Step 6: Running the Assistant
Installation
- Clone the repository and install dependencies:
cd julep-assistant
pip install -r chainlit-ui/requirements.txt
- Set up environment variables:
# Create .env file
JULEP_API_KEY=your_julep_api_key_here
AGENT_UUID=your_agent_uuid # Or use the default
SPIDER_API_KEY=your_spider_api_key # Optional
Running the Chat Interface
cd chainlit-ui
chainlit run app.py
This starts the web interface at http://localhost:8000
.
Using Scripts for Better Monitoring
While the full_task.yaml
can handle both crawling and indexing, using the separate scripts provides better visibility and control:
Web Crawler Script:
python scripts/crawler.py --url https://docs.julep.ai --max-pages 100
This script:
- Provides real-time progress updates
- Saves crawled content to JSON for inspection
- Allows you to verify content before indexing
- Handles rate limiting and retries
Document Indexer Script:
python scripts/indexer.py
This script:
- Reads the crawled content from the crawler output
- Shows progress for each document being indexed
- Provides detailed error messages if indexing fails
- Generates a summary report of indexed documents
Monitoring Task Execution:
You can also monitor the full workflow execution:
# Execute the full crawl + index task
execution = await julep_client.tasks.execute(
task_id=TASK_ID,
input={
"url": "https://docs.julep.ai",
"max_pages": 100
}
)
# Monitor execution status
while execution.status in ["pending", "running"]:
execution = await julep_client.executions.get(execution.id)
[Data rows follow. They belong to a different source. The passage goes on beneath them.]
(* Let $\mathcal{G}$ be a group prevariety over a finite alphabet $A$. Then $\mathit{SF}(\mathcal{G}) = \mathrm{FO}(<,\mathbb{P}_{\mathcal{G}})$.
   Context: Fix a finite alphabet $A$. A prevariety is a class of regular languages over $A$ containing $\emptyset$ and $A^*$, closed under union, intersection, complement, and under the quotients $u^{-1}L=\{w\mid uw\in L\}$ and $Lu^{-1}=\{w\mid wu\in L\}$. A group prevariety is a prevariety all of whose languages are recognized by morphisms into finite groups. $\mathit{SF}(\mathcal{G})$ is the least class containing $\mathcal{G}$ and all $\{a\}$ ($a\in A$), closed under union, complement and concatenation. A word $w=a_1\cdots a_n$ is viewed as a structure with domain $\{0,\dots,n+1\}$; positions $1,\dots,n$ are labeled $a_1,\dots,a_n$ and $0,n+1$ unlabeled; for $i<j$, $w(i,j)=a_{i+1}\cdots a_{j-1}$. First-order formulas use variables over positions, constants $\mathit{min},\mathit{max}$ (interpreted as $0$, $n+1$), equality, the signature's predicates, Boolean connectives and quantifiers. Label predicates $a(x)$ hold iff position $x$ has label $a$. $\mathrm{FO}(<,\mathbb{P}_{\mathcal{G}})$ is the class of languages defined by first-order sentences using the label predicates, the linear order $<$ on positions, and the unary predicates $P_L$ for $L\in\mathcal{G}$, where $P_L(i)$ holds iff $0<i$ and $w(0,i)\in L$. *)

theory Defs
  imports Main "HOL-Algebra.Group"
begin

section \<open>Words and languages over an alphabet 'a (the alphabet is the type UNIV)\<close>

type_synonym 'a lang = "'a list set"

definition regular :: "'a lang \<Rightarrow> bool" where
  "regular L \<longleftrightarrow> (\<exists>(n::nat) (\<delta>::nat \<Rightarrow> 'a \<Rightarrow> nat) (F::nat set).
      0 < n \<and> (\<forall>q<n. \<forall>a. \<delta> q a < n) \<and> F \<subseteq> {0..<n} \<and>
      L = {w. foldl \<delta> 0 w \<in> F})"

definition lquot :: "'a list \<Rightarrow> 'a lang \<Rightarrow> 'a lang" where
  "lquot u L = {w. u @ w \<in> L}"

definition rquot :: "'a lang \<Rightarrow> 'a list \<Rightarrow> 'a lang" where
  "rquot L u = {w. w @ u \<in> L}"

definition prevariety :: "'a lang set \<Rightarrow> bool" where
  "prevariety C \<longleftrightarrow>
     (\<forall>L\<in>C. regular L) \<and> {} \<in> C \<and> UNIV \<in> C \<and>
     (\<forall>K\<in>C. \<forall>L\<in>C. K \<union> L \<in> C) \<and>
     (\<forall>K\<in>C. \<forall>L\<in>C. K \<inter> L \<in> C) \<and>
     (\<forall>L\<in>C. - L \<in> C) \<and>
     (\<forall>L\<in>C. \<forall>u. lquot u L \<in> C) \<and>
     (\<forall>L\<in>C. \<forall>u. rquot L u \<in> C)"

definition word_hom :: "('g, 'b) monoid_scheme \<Rightarrow> ('a \<Rightarrow> 'g) \<Rightarrow> 'a list \<Rightarrow> 'g" where
  "word_hom G h w = foldr (\<lambda>a x. h a \<otimes>\<^bsub>G\<^esub> x) w \<one>\<^bsub>G\<^esub>"

text \<open>L is recognized by a morphism into a finite group (any finite group is
  isomorphic to one whose carrier consists of natural numbers).\<close>
definition group_recognized :: "'a lang \<Rightarrow> bool" where
  "group_recognized L \<longleftrightarrow> (\<exists>(G::nat monoid) h F.
      group G \<and> finite (carrier G) \<and> (\<forall>a. h a \<in> carrier G) \<and>
      F \<subseteq> carrier G \<and> L = {w. word_hom G h w \<in> F})"

definition group_prevariety :: "'a lang set \<Rightarrow> bool" where
  "group_prevariety C \<longleftrightarrow> prevariety C \<and> (\<forall>L\<in>C. group_recognized L)"

definition conc :: "'a lang \<Rightarrow> 'a lang \<Rightarrow> 'a lang" where
  "conc K L = {u @ v | u v. u \<in> K \<and> v \<in> L}"

inductive_set SF :: "'a lang set \<Rightarrow> 'a lang set" for G :: "'a lang set" where
  base: "L \<in> G \<Longrightarrow> L \<in> SF G"
| letter: "{[a]} \<in> SF G"
| union: "K \<in> SF G \<Longrightarrow> L \<in> SF G \<Longrightarrow> K \<union> L \<in> SF G"
| compl: "L \<in> SF G \<Longrightarrow> - L \<in> SF G"
| concat: "K \<in> SF G \<Longrightarrow> L \<in> SF G \<Longrightarrow> conc K L \<in> SF G"

datatype fo_term = Var nat | Min | Max

datatype 'a fo =
    Eq fo_term fo_term
  | Less fo_term fo_term
  | Lab 'a fo_term
  | Pred "'a lang" fo_term
  | Neg "'a fo"
  | Conj "'a fo" "'a fo"
  | Disj "'a fo" "'a fo"
  | Ex nat "'a fo"
  | All nat "'a fo"

fun tvars :: "fo_term \<Rightarrow> nat set" where
  "tvars (Var x) = {x}"
| "tvars Min = {}"
| "tvars Max = {}"

fun free_vars :: "'a fo \<Rightarrow> nat set" where
  "free_vars (Eq s t) = tvars s \<union> tvars t"
| "free_vars (Less s t) = tvars s \<union> tvars t"
| "free_vars (Lab a t) = tvars t"
| "free_vars (Pred L t) = tvars t"
| "free_vars (Neg \<phi>) = free_vars \<phi>"
| "free_vars (Conj \<phi> \<psi>) = free_vars \<phi> \<union> free_vars \<psi>"
| "free_vars (Disj \<phi> \<psi>) = free_vars \<phi> \<union> free_vars \<psi>"
| "free_vars (Ex x \<phi>) = free_vars \<phi> - {x}"
| "free_vars (All x \<phi>) = free_vars \<phi> - {x}"

fun preds :: "'a fo \<Rightarrow> 'a lang set" where
  "preds (Eq s t) = {}"
| "preds (Less s t) = {}"
| "preds (Lab a t) = {}"
| "preds (Pred L t) = {L}"
| "preds (Neg \<phi>) = preds \<phi>"
| "preds (Conj \<phi> \<psi>) = preds \<phi> \<union> preds \<psi>"
| "preds (Disj \<phi> \<psi>) = preds \<phi> \<union> preds \<psi>"
| "preds (Ex x \<phi>) = preds \<phi>"
| "preds (All x \<phi>) = preds \<phi>"

text \<open>A word w = a_1...a_n has domain {0..n+1}; min = 0, max = n+1.\<close>
fun tval :: "'a list \<Rightarrow> (nat \<Rightarrow> nat) \<Rightarrow> fo_term \<Rightarrow> nat" where
  "tval w \<sigma> (Var x) = \<sigma> x"
| "tval w \<sigma> Min = 0"
| "tval w \<sigma> Max = length w + 1"

text \<open>Infix w(i,j) = a_(i+1) ... a_(j-1) for i < j.\<close>
definition infix_word :: "'a list \<Rightarrow> nat \<Rightarrow> nat \<Rightarrow> 'a list" where
  "infix_word w i j = take (j - i - 1) (drop i w)"

fun sat :: "'a list \<Rightarrow> (nat \<Rightarrow> nat) \<Rightarrow> 'a fo \<Rightarrow> bool" where
  "sat w \<sigma> (Eq s t) \<longleftrightarrow> tval w \<sigma> s = tval w \<sigma> t"
| "sat w \<sigma> (Less s t) \<longleftrightarrow> tval w \<sigma> s < tval w \<sigma> t"
| "sat w \<sigma> (Lab a t) \<longleftrightarrow> (let i = tval w \<sigma> t in 1 \<le> i \<and> i \<le> length w \<and> w ! (i - 1) = a)"
| "sat w \<sigma> (Pred L t) \<longleftrightarrow> (let i = tval w \<sigma> t in 0 < i \<and> infix_word w 0 i \<in> L)"
| "sat w \<sigma> (Neg \<phi>) \<longleftrightarrow> \<not> sat w \<sigma> \<phi>"
| "sat w \<sigma> (Conj \<phi> \<psi>) \<longleftrightarrow> sat w \<sigma> \<phi> \<and> sat w \<sigma> \<psi>"
| "sat w \<sigma> (Disj \<phi> \<psi>) \<longleftrightarrow> sat w \<sigma> \<phi> \<or> sat w \<sigma> \<psi>"
| "sat w \<sigma> (Ex x \<phi>) \<longleftrightarrow> (\<exists>i\<le>length w + 1. sat w (\<sigma>(x := i)) \<phi>)"
| "sat w \<sigma> (All x \<phi>) \<longleftrightarrow> (\<forall>i\<le>length w + 1. sat w (\<sigma>(x := i)) \<phi>)"

definition lang_of :: "'a fo \<Rightarrow> 'a lang" where
  "lang_of \<phi> = {w. sat w (\<lambda>_. 0) \<phi>}"

definition FO_less_P :: "'a lang set \<Rightarrow> 'a lang set" where
  "FO_less_P G = {lang_of \<phi> | \<phi>. free_vars \<phi> = {} \<and> preds \<phi> \<subseteq> G}"

end

theory Submission
  imports Defs "HOL-Algebra.Multiplicative_Group"
begin

(*
  SF(G) is contained in FO(<, P_G): by induction on SF(G), every K in SF(G) is defined by a
  formula on the factor of the word between two positions. Concatenation quantifies over the
  split point. For L in G, recognized by a morphism into a finite group, the prefix p before the
  factor can be cancelled by some word r, so the factor s lies in L iff p lies in
  r^-1 {u | u^-1 L = L} and p s lies in r^-1 L; there are only finitely many such pairs of
  quotients, and they belong to G.

  FO(<, P_G) is contained in SF(G): put the free variables of a formula on the letters
  c_1, ..., c_m of a word u_0 c_1 u_1 ... c_m u_m. The tuples (u_0, ..., u_m) satisfying the
  formula form a finite union of products of languages of SF(G). This is preserved by the
  Boolean connectives; an existential quantifier either puts the new variable on one of the
  c_i or splits a factor as u' c u'', and the split is undone by merging u', c, u'' back into
  one component with a concatenation. For an atom P_L this needs that {(u, v) | u v in K} is a
  finite union of products for every K in SF(G), which for K in G follows again from the
  finiteness of the set of left quotients of K.
*)

section \<open>Languages recognized by finite groups\<close>

lemma word_hom_closed:
  assumes "monoid M" "\<forall>a. h a \<in> carrier M"
  shows "word_hom M h w \<in> carrier M"
  using assms by (induction w) (auto simp: word_hom_def monoid.m_closed)

lemma word_hom_append:
  assumes "monoid M" "\<forall>a. h a \<in> carrier M"
  shows "word_hom M h (u @ v) = word_hom M h u \<otimes>\<^bsub>M\<^esub> word_hom M h v"
proof (induction u)
  case Nil
  show ?case using word_hom_closed[OF assms] by (simp add: word_hom_def monoid.l_one[OF assms(1)])
next
  case (Cons a u)
  then show ?case using word_hom_closed[OF assms] assms(2)
    by (simp add: word_hom_def monoid.m_assoc[OF assms(1)])
qed

lemma word_hom_replicate:
  assumes "monoid M" "\<forall>a. h a \<in> carrier M"
  shows "word_hom M h (concat (replicate k p)) = word_hom M h p [^]\<^bsub>M\<^esub> k"
proof (induction k)
  case 0
  show ?case by (simp add: word_hom_def)
next
  case (Suc k)
  have "word_hom M h (concat (replicate (Suc k) p)) = word_hom M h p \<otimes>\<^bsub>M\<^esub> word_hom M h p [^]\<^bsub>M\<^esub> k"
    by (simp add: word_hom_append[OF assms] Suc.IH)
  also have "\<dots> = word_hom M h p [^]\<^bsub>M\<^esub> Suc k"
    by (rule monoid.nat_pow_Suc2[OF assms(1) word_hom_closed[OF assms], symmetric])
  finally show ?case .
qed

lemma lquot_word_hom:
  assumes "monoid M" "\<forall>a. h a \<in> carrier M"
  shows "lquot u {w. word_hom M h w \<in> F} = {w. word_hom M h u \<otimes>\<^bsub>M\<^esub> word_hom M h w \<in> F}"
  by (simp add: lquot_def word_hom_append[OF assms])

lemma rquot_word_hom:
  assumes "monoid M" "\<forall>a. h a \<in> carrier M"
  shows "rquot {w. word_hom M h w \<in> F} v = {w. word_hom M h w \<otimes>\<^bsub>M\<^esub> word_hom M h v \<in> F}"
  by (simp add: rquot_def word_hom_append[OF assms])

lemma group_recognizedE:
  assumes "group_recognized L"
  obtains M :: "nat monoid" and h F where "group M" "monoid M" "finite (carrier M)"
    "\<forall>a. h a \<in> carrier M" "L = {w. word_hom M h w \<in> F}"
  using assms group.is_monoid unfolding group_recognized_def by blast

lemma group_recognized_finite_lquots:
  assumes "group_recognized L"
  shows "finite (range (\<lambda>u. lquot u L))"
proof -
  obtain M :: "nat monoid" and h F where M: "monoid M" "finite (carrier M)" "\<forall>a. h a \<in> carrier M"
    and L: "L = {w. word_hom M h w \<in> F}"
    using assms by (rule group_recognizedE)
  have "range (\<lambda>u. lquot u L) \<subseteq> (\<lambda>g. {w. g \<otimes>\<^bsub>M\<^esub> word_hom M h w \<in> F}) ` carrier M"
    using M by (auto simp: L lquot_word_hom word_hom_closed)
  then show ?thesis by (rule finite_surj[OF M(2)])
qed

lemma group_recognized_finite_rquots:
  assumes "group_recognized L"
  shows "finite (range (rquot L))"
proof -
  obtain M :: "nat monoid" and h F where M: "monoid M" "finite (carrier M)" "\<forall>a. h a \<in> carrier M"
    and L: "L = {w. word_hom M h w \<in> F}"
    using assms by (rule group_recognizedE)
  have "range (rquot L) \<subseteq> (\<lambda>g. {w. word_hom M h w \<otimes>\<^bsub>M\<^esub> g \<in> F}) ` carrier M"
    using M by (auto simp: L rquot_word_hom word_hom_closed)
  then show ?thesis by (rule finite_surj[OF M(2)])
qed

text \<open>In a finite group the inverse of an element is one of its powers, so every word has a
  left inverse modulo the recognizing morphism.\<close>
lemma group_recognized_lquot_inverse:
  assumes "group_recognized L"
  shows "\<exists>r. lquot (r @ p) L = L"
proof -
  obtain M :: "nat monoid" and h F where M: "group M" "monoid M" "finite (carrier M)"
    "\<forall>a. h a \<in> carrier M" and L: "L = {w. word_hom M h w \<in> F}"
    using assms by (rule group_recognizedE)
  define r where "r = concat (replicate (order M - 1) p)"
  have "order M = Suc (order M - 1)"
    using M(3) monoid.order_gt_0_iff_finite[OF M(2)] by simp
  then have "word_hom M h (r @ p) = word_hom M h p [^]\<^bsub>M\<^esub> order M"
    by (metis r_def M(2,4) word_hom_append word_hom_replicate monoid.nat_pow_Suc)
  also have "\<dots> = \<one>\<^bsub>M\<^esub>"
    by (rule group.pow_order_eq_1[OF M(1) word_hom_closed[OF M(2,4)]])
  finally have "lquot (r @ p) L = L"
    using M(2,4) by (simp add: L lquot_word_hom word_hom_closed)
  then show ?thesis ..
qed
print(f"Status: {execution.status}")
# Get execution steps for detailed progress
steps = await julep_client.executions.steps.list(execution.id)
for step in steps:
print(f" Step {step.name}: {step.status}")
await asyncio.sleep(5)
Resources
Summary
You’ve learned how to build a production-ready AI assistant with Julep that features:
- Web crawling with Spider integration for content acquisition
- Automated documentation processing and indexing
- RAG-powered responses with hybrid search
- Interactive chat interface with session management
- Feedback collection and analysis using Julep documents
- Scalable architecture for production deployment
This assistant demonstrates the power of Julep for building stateful, context-aware AI applications that can maintain conversations, access external knowledge, and provide accurate, helpful responses.